My string of Guilford Courthouse-related posts is finally coming to a close, with this last historic site review from my jaunt over to North Carolina.  The final site in this batch is Tannenbaum Historic Park in Greensboro, managed by the city’s Parks and Recreation Department and Guilford Courthouse National Military Park, which is just a stone’s throw away.

Two centuries ago, this park was part of the Joseph Hoskins farm.  Hoskins was a sort of Revolutionary War version of Wilmer McLean, the fellow who moved from the battlefield of First Bull Run only to end up hosting Lee’s surrender at his parlor in Appomattox.  In the 1770′s Hoskins lived near Valley Forge, while Washington’s army was keeping an eye on British-occupied Philadelphia.  He then migrated to the North Carolina backcountry, settling near the site of Guilford County’s small courthouse.  On March 15, 1781, Cornwallis used his farm as a staging area, forming his troops there before sending them forward against Greene’s lines, posted just across the fields.

I headed over to THP after touring the battlefield and grabbing some lunch.  My plan was to breeze through the place in half an hour or so and then rush over to hit Alamance Battleground before closing time.  Things didn’t work out that way.  I never made it to Alamance, because I didn’t know there was so much to see at Tannenbaum.  It’s nothing less than a trip through the entire early history of the Carolina Piedmont.

 The park encompasses about seven acres of the farmsite, with a few early nineteenth-century buildings typical of those found in the area.  It’s also home to the Colonial Heritage Center, a museum devoted to life in the early backcountry and the Battle of Guilford Courthouse.  The Heritage Center is a fantastic little museum, brimming over with information on the region’s early history—its settlement, politics, religion, architecture, and trade.  It’s a great overview of the backcountry and the perfect way to contextualize your visit to the battlefield.  History buffs will admire the research backing up the exhibit narrative, while parents with kids will appreciate the models and interactive elements that illustrate different aspects of backcountry life.  It’s a much more detailed and insightful examination of the Carolinas’ hilly interior during the late eighteenth century than you’ll find in most museums.

In addition to the main gallery, there’s also a separate room devoted to the battle.  The centerpiece here is a wonderful diorama, accompanied by a very effective recorded narration and electronic presentation that clearly explains the deployments and the way the battle unfolded.  Along the walls are a series of gorgeous paintings of the battle by Dale Gallon, as well as other objects that illustrate various aspects of the war.  (Click here to see Gallon’s depiction of the Hoskins farm as it appeared when used as a launching pad for the British attack.)

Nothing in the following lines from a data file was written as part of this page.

(* Let $d,D\ge 1$ and $n=2t+l$ with $t,l\ge 1$ integers. Fix any diagonal $\Omega=\mathrm{diag}(\omega_1,\dots,\omega_D)$ with $(\omega_i)$ a probability vector. For $(U,V,W,\Lambda)\in X:=U(dD)\times U(D)\times U(D)\times[0,1]^D$ (identifying $\Lambda\in[0,1]^D$ with the diagonal matrix it defines) let $$\rho_l(U,V,W,\Lambda,\Omega)=\mathrm{tr}_{A,B_1,\dots,B_t,B_{t+l+1},\dots,B_n}\Big(V\Lambda V^\dagger\, U_{A,B_1}\cdots U_{A,B_n}\big(W\Omega W^\dagger\otimes(|0\rangle\langle 0|)^{\otimes n}\big)U_{A,B_n}^\dagger\cdots U_{A,B_1}^\dagger\Big),$$ and define $f(U,V,W,\Lambda)=(\mathrm{tr}\,\rho_l(U,V,W,\Lambda,\Omega))^2$ and $g(U,V,W,\Lambda)=\mathrm{tr}\,\rho_l^2(U,V,W,\Lambda,\Omega)$. Equip $X$ with the metric $$d_1\big((U,V,W,\Lambda),(U',V',W',\Lambda')\big)=\|U-U'\|_2+\|V-V'\|_2+\|W-W'\|_2+\|\Lambda-\Lambda'\|_\infty.$$ Then the Lipschitz constants of both $f$ and $g$ with respect to $d_1$ are at most $4n+10$.
   Context: $H_A\cong\mathbb{C}^D$ and $H_{B_1},\dots,H_{B_n}\cong\mathbb{C}^d$; $U_{A,B_i}$ denotes $U$ acting on $H_A\otimes H_{B_i}$ and as the identity elsewhere; $V\Lambda V^\dagger$ acts on $H_A$; $|0\rangle$ is a fixed unit vector in $\mathbb{C}^d$. $\|\cdot\|_2$ is the Hilbert–Schmidt norm and $\|\cdot\|_\infty$ is the operator norm (for diagonal $\Lambda$, the maximum absolute entry). *)

theory Defs
  imports "HOL-Analysis.Analysis"
begin

text \<open>Finite-dimensional matrices are represented as functions nat => nat => complex,
  with the dimension kept explicit; only entries with indices below the dimension matter.\<close>

definition unitary_mat :: "nat \<Rightarrow> (nat \<Rightarrow> nat \<Rightarrow> complex) \<Rightarrow> bool" where
  "unitary_mat N U \<longleftrightarrow>
     (\<forall>i<N. \<forall>j<N. (\<Sum>k<N. cnj (U k i) * U k j) = (if i = j then 1 else 0))"

definition hs_dist :: "nat \<Rightarrow> (nat \<Rightarrow> nat \<Rightarrow> complex) \<Rightarrow> (nat \<Rightarrow> nat \<Rightarrow> complex) \<Rightarrow> real" where
  "hs_dist N U U' = sqrt (\<Sum>i<N. \<Sum>j<N. (cmod (U i j - U' i j))\<^sup>2)"

definition diag_dist :: "nat \<Rightarrow> (nat \<Rightarrow> real) \<Rightarrow> (nat \<Rightarrow> real) \<Rightarrow> real" where
  "diag_dist D L L' = (MAX i\<in>{..<D}. \<bar>L i - L' i\<bar>)"

text \<open>Basis of C^d tensored n times: words of length n over {0..<d}.\<close>
definition words :: "nat \<Rightarrow> nat \<Rightarrow> nat list set" where
  "words d n = {bs. length bs = n \<and> set bs \<subseteq> {..<d}}"

text \<open>Basis indices of H_A (x) H_B1 (x) ... (x) H_Bn.\<close>
definition idx :: "nat \<Rightarrow> nat \<Rightarrow> nat \<Rightarrow> (nat \<times> nat list) set" where
  "idx D d n = {..<D} \<times> words d n"

type_synonym op = "nat \<times> nat list \<Rightarrow> nat \<times> nat list \<Rightarrow> complex"

definition omul :: "(nat \<times> nat list) set \<Rightarrow> op \<Rightarrow> op \<Rightarrow> op" where
  "omul S M N = (\<lambda>i j. \<Sum>k\<in>S. M i k * N k j)"

definition oadj :: "op \<Rightarrow> op" where
  "oadj M = (\<lambda>i j. cnj (M j i))"

definition oid :: op where
  "oid = (\<lambda>i j. if i = j then 1 else 0)"

text \<open>U_{A,B_(k+1)}: the dD x dD matrix U acting on H_A (x) H_B_(k+1) (basis index a*d+b),
  identity on the other factors (positions are 0-indexed here).\<close>
definition U_AB :: "nat \<Rightarrow> (nat \<Rightarrow> nat \<Rightarrow> complex) \<Rightarrow> nat \<Rightarrow> op" where
  "U_AB d U k = (\<lambda>(a, bs) (a', bs').
     if bs[k := 0] = bs'[k := 0] then U (a * d + bs ! k) (a' * d + bs' ! k) else 0)"

fun U_chain :: "nat \<Rightarrow> nat \<Rightarrow> nat \<Rightarrow> (nat \<Rightarrow> nat \<Rightarrow> complex) \<Rightarrow> nat \<Rightarrow> op" where
  "U_chain D d n U 0 = oid"
| "U_chain D d n U (Suc m) = omul (idx D d n) (U_chain D d n U m) (U_AB d U m)"

text \<open>W Omega W^dagger (x) (|z><z|)^(x)n, with Omega = diag(omega).\<close>
definition init_state :: "nat \<Rightarrow> nat \<Rightarrow> (nat \<Rightarrow> real) \<Rightarrow> (nat \<Rightarrow> complex)
    \<Rightarrow> (nat \<Rightarrow> nat \<Rightarrow> complex) \<Rightarrow> op" where
  "init_state D n \<omega> z W = (\<lambda>(a, bs) (a', bs').
     (\<Sum>i<D. W a i * complex_of_real (\<omega> i) * cnj (W a' i)) *
     (\<Prod>k<n. z (bs ! k) * cnj (z (bs' ! k))))"

definition obs_A :: "nat \<Rightarrow> (nat \<Rightarrow> nat \<Rightarrow> complex) \<Rightarrow> (nat \<Rightarrow> real) \<Rightarrow> op" where
  "obs_A D V L = (\<lambda>(a, bs) (a', bs').
     if bs = bs' then (\<Sum>i<D. V a i * complex_of_real (L i) * cnj (V a' i)) else 0)"

definition full_op :: "nat \<Rightarrow> nat \<Rightarrow> nat \<Rightarrow> (nat \<Rightarrow> real) \<Rightarrow> (nat \<Rightarrow> complex)
    \<Rightarrow> (nat \<Rightarrow> nat \<Rightarrow> complex) \<Rightarrow> (nat \<Rightarrow> nat \<Rightarrow> complex) \<Rightarrow> (nat \<Rightarrow> nat \<Rightarrow> complex)
    \<Rightarrow> (nat \<Rightarrow> real) \<Rightarrow> op" where
  "full_op d D n \<omega> z U V W L =
     (let S = idx D d n; P = U_chain D d n U n in
      omul S (obs_A D V L) (omul S P (omul S (init_state D n \<omega> z W) (oadj P))))"

text \<open>rho_l: partial trace over A, B_1..B_t, B_(t+l+1)..B_n (n = 2t+l), leaving B_(t+1)..B_(t+l);
  indexed by words of length l.\<close>
definition rho_l :: "nat \<Rightarrow> nat \<Rightarrow> nat \<Rightarrow> nat \<Rightarrow> (nat \<Rightarrow> real) \<Rightarrow> (nat \<Rightarrow> complex)
    \<Rightarrow> (nat \<Rightarrow> nat \<Rightarrow> complex) \<Rightarrow> (nat \<Rightarrow> nat \<Rightarrow> complex) \<Rightarrow> (nat \<Rightarrow> nat \<Rightarrow> complex)
    \<Rightarrow> (nat \<Rightarrow> real) \<Rightarrow> nat list \<Rightarrow> nat list \<Rightarrow> complex" where
  "rho_l d D t l \<omega> z U V W L = (\<lambda>cs cs'.
     (let M = full_op d D (2 * t + l) \<omega> z U V W L in
      \<Sum>a<D. \<Sum>xs\<in>words d t. \<Sum>ys\<in>words d t. M (a, xs @ cs @ ys) (a, xs @ cs' @ ys)))"

definition tr_rho :: "nat \<Rightarrow> nat \<Rightarrow> (nat list \<Rightarrow> nat list \<Rightarrow> complex) \<Rightarrow> complex" where
  "tr_rho d l R = (\<Sum>cs\<in>words d l. R cs cs)"

definition tr_rho_sq :: "nat \<Rightarrow> nat \<Rightarrow> (nat list \<Rightarrow> nat list \<Rightarrow> complex) \<Rightarrow> complex" where
  "tr_rho_sq d l R = (\<Sum>cs\<in>words d l. \<Sum>cs'\<in>words d l. R cs cs' * R cs' cs)"

definition in_X :: "nat \<Rightarrow> nat \<Rightarrow> (nat \<Rightarrow> nat \<Rightarrow> complex) \<Rightarrow> (nat \<Rightarrow> nat \<Rightarrow> complex)
    \<Rightarrow> (nat \<Rightarrow> nat \<Rightarrow> complex) \<Rightarrow> (nat \<Rightarrow> real) \<Rightarrow> bool" where
  "in_X d D U V W L \<longleftrightarrow> unitary_mat (d * D) U \<and> unitary_mat D V \<and> unitary_mat D W \<and>
     (\<forall>i<D. 0 \<le> L i \<and> L i \<le> 1)"

definition d1 :: "nat \<Rightarrow> nat \<Rightarrow> (nat \<Rightarrow> nat \<Rightarrow> complex) \<times> (nat \<Rightarrow> nat \<Rightarrow> complex) \<times>
    (nat \<Rightarrow> nat \<Rightarrow> complex) \<times> (nat \<Rightarrow> real) \<Rightarrow> (nat \<Rightarrow> nat \<Rightarrow> complex) \<times> (nat \<Rightarrow> nat \<Rightarrow> complex) \<times>
    (nat \<Rightarrow> nat \<Rightarrow> complex) \<times> (nat \<Rightarrow> real) \<Rightarrow> real" where
  "d1 d D x y = (case (x, y) of ((U, V, W, L), (U', V', W', L')) \<Rightarrow>
     hs_dist (d * D) U U' + hs_dist D V V' + hs_dist D W W' + diag_dist D L L')"

end

theory Submission
  imports Defs
begin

Unfortunately, none of the buildings that were on the property during the battle remain today.  There is, however, an 1813 house used by the Hoskins family, a restored barn, and a couple of reconstructed free-standing buildings and gardens.  It’s a rare chance to see the types of structures that were once common in the backcountry but often disappeared or were altered beyond recognition.

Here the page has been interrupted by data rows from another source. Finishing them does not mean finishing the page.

lemma knot_if_strand:
  assumes "endo_I d" "strand d M" "M \<noteq> []" "hd M = 0" "length M = length d" "set M = {..<length d}"
  shows "knot d" "ccc_list d = map (\<lambda>i. snd (d ! i)) M"
proof -
  have orbit: "(next_gen d ^^ m) 0 = M ! m" if "m < length M" for m
    using funpow_next_gen_strand[OF assms(2,3) that] assms(4) by simp
  have "\<exists>m. (next_gen d ^^ m) 0 = j" if j: "j < length d" for j
  proof -
    obtain m where "m < length M" "M ! m = j"
      using j assms(6) in_set_conv_nth[of j M] by auto
    with orbit show ?thesis by auto
  qed
  then show "knot d"
    using assms(1,3,5) unfolding knot_def by auto
  show "ccc_list d = map (\<lambda>i. snd (d ! i)) M"
    unfolding ccc_list_def using orbit assms(5) by (intro nth_equalityI) auto
qed

lemma knot_cap_arc:
  assumes A: "arc A 0 up L s" and g: "is_cap g" "gcod g = [up, \<not> up]"
  shows "knot ((0, g) # A)" "ccc_list ((0, g) # A) = g # s"
proof -
  let ?D = "(0, g) # A" and ?M = "0 # map Suc L"
  from A have typed: "arc_typed A 0 [up, \<not> up]" and "arc_strand A (of_bool (\<not> up)) (of_bool up) L s"
    unfolding arc_def by simp_all
  then have L: "length L = length A" "set L = {..<length A}" "L \<noteq> []" "strand A L"
    "map (\<lambda>i. snd (A ! i)) L = s" "trace is_cup A (of_bool (\<not> up)) = Some (hd L)"
    unfolding arc_strand_def by auto
  have "out_leg (0, g) = of_bool (\<not> up)"
    using g by (cases g) auto
  then have "next_layer ?D 0 = Some (Suc (hd L))"
    using next_layer_cap[of ?D 0] g(1) L(6) by simp
  moreover have "strand ?D (map Suc L)"
    using strand_embed[OF L(4), of "[(0, g)]" "[]"] L(2) by (simp flip: One_nat_def add: plus_1_eq_Suc)
  ultimately have "strand ?D ?M"
    using L(3) by (simp add: successively_Cons hd_map)
  moreover have "endo_I ?D"
  proof -
    have "apply_layer (0, g) [] = Some [up, \<not> up]"
      using g by (cases g) auto
    moreover have "apply_diag A [up, \<not> up] = Some []"
      using typed unfolding arc_typed_def by (metis append_Nil append_Nil2 list.size(3))
    ultimately show ?thesis
      unfolding endo_I_def by simp
  qed
  moreover have "set ?M = {..<length ?D}"
    using L(2) by (simp add: lessThan_Suc_eq_insert_0)
  moreover have "map (\<lambda>i. snd (?D ! i)) ?M = g # s"
    using L(5) by (simp add: comp_def)
  ultimately show "knot ?D" "ccc_list ?D = g # s"
    using knot_if_strand[of ?D ?M] L(1) by simp_all
qed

A lot of what you’ll see at the park is due to the dedicated efforts of the Guilford Battleground Company, which spearheaded its creation and now supports the operations both there and at the national battlefield.  I highly recommend that you visit their website and have a look at what they’ve done and are continuing to do.  They deserve both your gratitude and your support.

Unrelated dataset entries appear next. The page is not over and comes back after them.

definition SO3_rep :: "(mat3 \<Rightarrow> 'v::euclidean_space \<Rightarrow> 'v) \<Rightarrow> bool" where
  "SO3_rep rho \<longleftrightarrow>
     (\<forall>g\<in>SO3. linear (rho g)) \<and>
     rho (mat 1) = id \<and>
     (\<forall>g\<in>SO3. \<forall>h\<in>SO3. rho (g ** h) = rho g \<circ> rho h) \<and>
     (\<forall>x. continuous_on SO3 (\<lambda>g. rho g x))"

inductive_set poly_fun :: "('v::euclidean_space \<Rightarrow> real) set" where
  const: "(\<lambda>x. c) \<in> poly_fun"
| lin: "linear l \<Longrightarrow> l \<in> poly_fun"
| add: "p \<in> poly_fun \<Longrightarrow> q \<in> poly_fun \<Longrightarrow> (\<lambda>x. p x + q x) \<in> poly_fun"
| mult: "p \<in> poly_fun \<Longrightarrow> q \<in> poly_fun \<Longrightarrow> (\<lambda>x. p x * q x) \<in> poly_fun"

text \<open>Sym^2(R^3) = symmetric 3x3 matrices, with action g * a = g a g^T.\<close>
definition Sym2 :: "mat3 set" where
  "Sym2 = {a. transpose a = a}"

definition act2 :: "mat3 \<Rightarrow> mat3 \<Rightarrow> mat3" where
  "act2 g a = g ** a ** transpose g"

definition equiv_poly_map :: "(mat3 \<Rightarrow> 'v::euclidean_space \<Rightarrow> 'v) \<Rightarrow> ('v \<Rightarrow> mat3) \<Rightarrow> bool" where
  "equiv_poly_map rho f \<longleftrightarrow>
     (\<forall>i j. (\<lambda>x. f x $ i $ j) \<in> poly_fun) \<and>
     (\<forall>x. f x \<in> Sym2) \<and>
     (\<forall>g\<in>SO3. \<forall>x. f (rho g x) = act2 g (f x))"

definition Cov2 :: "(mat3 \<Rightarrow> 'v::euclidean_space \<Rightarrow> 'v) \<Rightarrow> 'v \<Rightarrow> mat3 set" where
  "Cov2 rho v = {f v | f. equiv_poly_map rho f}"

definition sym_group :: "mat3 set \<Rightarrow> mat3 set" where
  "sym_group S = {g\<in>SO3. \<forall>a\<in>S. act2 g a = a}"

definition has_sym_class :: "mat3 set \<Rightarrow> mat3 set \<Rightarrow> bool" where
  "has_sym_class S H \<longleftrightarrow> (\<exists>h\<in>SO3. sym_group S = (\<lambda>g. h ** g ** transpose h) ` H)"

definition rotz :: "real \<Rightarrow> mat3" where
  "rotz t = vector [vector [cos t, - sin t, 0], vector [sin t, cos t, 0], vector [0, 0, 1]]"

definition diag3 :: "real \<Rightarrow> real \<Rightarrow> real \<Rightarrow> mat3" where
  "diag3 a b c = vector [vector [a, 0, 0], vector [0, b, 0], vector [0, 0, c]]"

definition O2 :: "mat3 set" where
  "O2 = range rotz \<union> (\<lambda>t. rotz t ** diag3 1 (-1) (-1)) ` UNIV"

definition D2 :: "mat3 set" where
  "D2 = {mat 1, diag3 1 (-1) (-1), diag3 (-1) 1 (-1), diag3 (-1) (-1) 1}"

definition Z2 :: "mat3 set" where
  "Z2 = {mat 1, diag3 (-1) (-1) 1}"

end

theory Submission
  imports Defs
begin

(* Sums, scalar multiples and pointwise squares of equivariant polynomial maps are again
   equivariant polynomial maps, so Cov2(v) is a unital Jordan subalgebra of Sym^2: a subspace
   containing the identity and closed under squaring. Nothing else about Cov2(v) is used.

   Up to a rotation, such a subalgebra W is one of five normal forms: the scalars, the matrices
   diag(a,a,b), the diagonal matrices, the block-diagonal matrices with blocks of sizes 2 and 1, and
   all of Sym^2. Indeed, if W contains a non-scalar A, diagonalise A by a rotation; a quadratic
   polynomial in A is then a multiple of a rank-one projection, which a rotation moves to E33.
   Unless W consists of the matrices diag(a,a,b), Jordan products with E33 and a rotation about the
   z-axis produce E11 as well, hence also E22 = 1 - E11 - E33, and then W is determined by which of
   the off-diagonal units Q12, Q13, Q23 it contains (any two of them generate the third). The normal
   forms have dimensions 1, 2, 3, 4, 6 and symmetry groups SO(3), O(2), D2, Z2, {1}, which are
   pairwise non-conjugate. *)

section \<open>Rotations acting on symmetric matrices\<close>

lemmas mat3_simps = matrix_matrix_mult_def matrix_vector_mult_def transpose_def mat_def
  sum_3 forall_3 act2_def diag3_def rotz_def

lemma matrix_add_rdistrib: "(A + B) ** C = A ** C + B ** C"
  by (vector matrix_matrix_mult_def sum.distrib[symmetric] field_simps)

lemma subspace_scaleR_cancel:
  assumes "subspace S" "c *\<^sub>R x \<in> S" "c \<noteq> 0"
  shows "x \<in> S"
  using subspace_scale[OF assms(1,2), of "inverse c"] assms(3) by simp

lemma SO3_eq_rotation_matrix: "SO3 = {g. rotation_matrix g}"
  by (auto simp: SO3_def rotation_matrix_def orthogonal_matrix)

lemma SO3_transpose_mult: "g \<in> SO3 \<Longrightarrow> transpose g ** g = mat 1"
  by (simp add: SO3_def)

lemma SO3_mult_transpose: "g \<in> SO3 \<Longrightarrow> g ** transpose g = mat 1"
  by (simp add: SO3_eq_rotation_matrix rotation_matrix_def orthogonal_matrix_def)

lemma SO3_transpose: "g \<in> SO3 \<Longrightarrow> transpose g \<in> SO3"
  by (simp add: SO3_eq_rotation_matrix rotation_matrix_def)

lemma SO3_mult: "g \<in> SO3 \<Longrightarrow> h \<in> SO3 \<Longrightarrow> g ** h \<in> SO3"
  by (simp add: SO3_eq_rotation_matrix rotation_matrix_def orthogonal_matrix_mul det_mul)

lemma SO3_one: "mat 1 \<in> SO3"
  by (simp add: SO3_def transpose_mat)

lemma SO3_rotz: "rotz t \<in> SO3"
  by (simp add: SO3_def vec_eq_iff mat3_simps det_3 algebra_simps)

lemma SO3_diag3: "a * a = 1 \<Longrightarrow> b * b = 1 \<Longrightarrow> c * c = 1 \<Longrightarrow> a * b * c = 1 \<Longrightarrow> diag3 a b c \<in> SO3"
  by (simp add: SO3_def vec_eq_iff mat3_simps det_3)

lemma SO3_maps_axis3:
  assumes "norm u = 1"
  obtains r where "r \<in> SO3" "r *v axis 3 1 = u"
  using rotation_matrix_exists_basis[of u 3] assms by (auto simp: SO3_eq_rotation_matrix)

lemma act2_mult: "act2 (g ** h) A = act2 g (act2 h A)"
  by (simp add: act2_def matrix_transpose_mul matrix_mul_assoc)

lemma act2_act2_transpose: "g \<in> SO3 \<Longrightarrow> act2 g (act2 (transpose g) A) = A"
  by (simp add: act2_def matrix_mul_assoc SO3_mult_transpose)
    (simp add: matrix_mul_assoc[symmetric] SO3_mult_transpose)

lemma act2_transpose_act2: "g \<in> SO3 \<Longrightarrow> act2 (transpose g) (act2 g A) = A"
  using act2_act2_transpose[of "transpose g" A] SO3_transpose by auto

lemma act2_one: "act2 (mat 1) A = A"
  by (simp add: act2_def transpose_mat)

lemma act2_mat1: "g \<in> SO3 \<Longrightarrow> act2 g (mat 1) = mat 1"
  by (simp add: act2_def SO3_mult_transpose)

lemma act2_add: "act2 g (A + B) = act2 g A + act2 g B"
  by (simp add: act2_def matrix_add_ldistrib matrix_add_rdistrib)

lemma act2_scaleR: "act2 g (c *\<^sub>R A) = c *\<^sub>R act2 g A"
  by (simp add: act2_def matrix_scalar_ac scalar_matrix_assoc)

lemma linear_act2: "linear (act2 g)"
  by (rule linearI) (simp_all add: act2_add act2_scaleR)

lemma act2_matrix_mult:
  assumes "g \<in> SO3"
  shows "act2 g (A ** B) = act2 g A ** act2 g B"
proof -
  have "act2 g A ** act2 g B = g ** A ** (transpose g ** g) ** B ** transpose g"
    by (simp add: act2_def matrix_mul_assoc)
  then show ?thesis
    using assms by (simp add: SO3_transpose_mult act2_def matrix_mul_assoc)
qed

lemma act2_Sym2: "A \<in> Sym2 \<Longrightarrow> act2 g A \<in> Sym2"
  by (simp add: Sym2_def act2_def matrix_transpose_mul matrix_mul_assoc)

lemma act2_image_transpose: "g \<in> SO3 \<Longrightarrow> act2 (transpose g) ` act2 g ` S = S"
  by (simp add: image_image act2_transpose_act2)

lemma dim_act2_image: "h \<in> SO3 \<Longrightarrow> dim (act2 h ` S) = dim S"
  by (rule dim_image_eq[OF linear_act2]) (metis act2_transpose_act2 inj_on_inverseI)

lemma Sym2_iff: "A \<in> Sym2 \<longleftrightarrow> A$2$1 = A$1$2 \<and> A$3$1 = A$1$3 \<and> A$3$2 = A$2$3"
  unfolding Sym2_def by (auto simp: vec_eq_iff transpose_def forall_3)

definition proj :: "real^3 \<Rightarrow> mat3" where
  "proj u = (\<chi> i j. u$i * u$j)"

lemma act2_proj: "act2 g (proj u) = proj (g *v u)"
  by (simp add: vec_eq_iff mat3_simps proj_def algebra_simps)

section \<open>Unital Jordan subalgebras of Sym2\<close>

definition jordan_subalgebra :: "mat3 set \<Rightarrow> bool" where
  "jordan_subalgebra W \<longleftrightarrow> subspace W \<and> W \<subseteq> Sym2 \<and> mat 1 \<in> W \<and> (\<forall>A\<in>W. A ** A \<in> W)"

lemma
  assumes "jordan_subalgebra W"
  shows jordan_subalgebra_subspace: "subspace W"
    and jordan_subalgebra_Sym2: "W \<subseteq> Sym2"
    and jordan_subalgebra_mat1: "mat 1 \<in> W"
    and jordan_subalgebra_square: "A \<in> W \<Longrightarrow> A ** A \<in> W"
  using assms by (auto simp: jordan_subalgebra_def)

I recommend, too, that you make an effort to visit Tannenbaum Historic Park.  My suggestion is to give yourself a good part of the day to see both Tannenbaum and Guilford Courthouse.  Go to THP first, and plan on spending about an hour and a half there to take in all the exhibits before touring the military park.  You’ll appreciate the battlefield more when you understand something of the surrounding region and its people, a people whose history neither began nor ended when their homes became the seat of war.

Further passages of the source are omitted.